* WHAT IS REQUIRED *
Only the lines from the one with "w) \<odot> b" onward are wanted, through the last line of the entries, set down exactly.

(Beginning of PROVIDED RECORDS)

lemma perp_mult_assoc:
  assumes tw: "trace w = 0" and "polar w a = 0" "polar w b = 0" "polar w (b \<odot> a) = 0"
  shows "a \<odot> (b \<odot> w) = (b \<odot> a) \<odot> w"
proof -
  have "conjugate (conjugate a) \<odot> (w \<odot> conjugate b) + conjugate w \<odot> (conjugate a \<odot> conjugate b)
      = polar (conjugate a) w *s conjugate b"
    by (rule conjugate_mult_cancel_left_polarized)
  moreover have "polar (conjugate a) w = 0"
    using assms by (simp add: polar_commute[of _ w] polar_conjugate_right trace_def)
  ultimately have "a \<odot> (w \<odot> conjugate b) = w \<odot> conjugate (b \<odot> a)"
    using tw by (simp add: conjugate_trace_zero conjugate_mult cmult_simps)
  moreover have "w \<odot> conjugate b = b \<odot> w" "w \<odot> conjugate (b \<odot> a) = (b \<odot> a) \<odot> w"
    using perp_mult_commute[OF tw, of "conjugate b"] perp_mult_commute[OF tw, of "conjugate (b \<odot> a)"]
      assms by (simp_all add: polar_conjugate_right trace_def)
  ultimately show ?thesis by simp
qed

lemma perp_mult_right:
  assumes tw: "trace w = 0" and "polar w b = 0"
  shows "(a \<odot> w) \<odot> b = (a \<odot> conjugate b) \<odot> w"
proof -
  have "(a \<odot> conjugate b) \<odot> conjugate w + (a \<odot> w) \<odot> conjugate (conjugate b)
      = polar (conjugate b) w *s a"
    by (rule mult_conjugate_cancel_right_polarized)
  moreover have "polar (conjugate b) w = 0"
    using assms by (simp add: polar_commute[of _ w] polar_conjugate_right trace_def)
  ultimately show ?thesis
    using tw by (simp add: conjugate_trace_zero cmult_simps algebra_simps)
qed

(End of PROVIDED RECORDS)

* SOLUTION TO THIS EXERCISE *
  shows "(a \<odot> w) \<odot> b = (a \<odot> conjugate b) \<odot> w"
proof -
  have "(a \<odot> conjugate b) \<odot> conjugate w + (a \<odot> w) \<odot> conjugate (conjugate b)
      = polar (conjugate b) w *s a"
    by (rule mult_conjugate_cancel_right_polarized)
  moreover have "polar (conjugate b) w = 0"
    using assms by (simp add: polar_commute[of _ w] polar_conjugate_right trace_def)
  ultimately show ?thesis
    using tw by (simp add: conjugate_trace_zero cmult_simps algebra_simps)
qed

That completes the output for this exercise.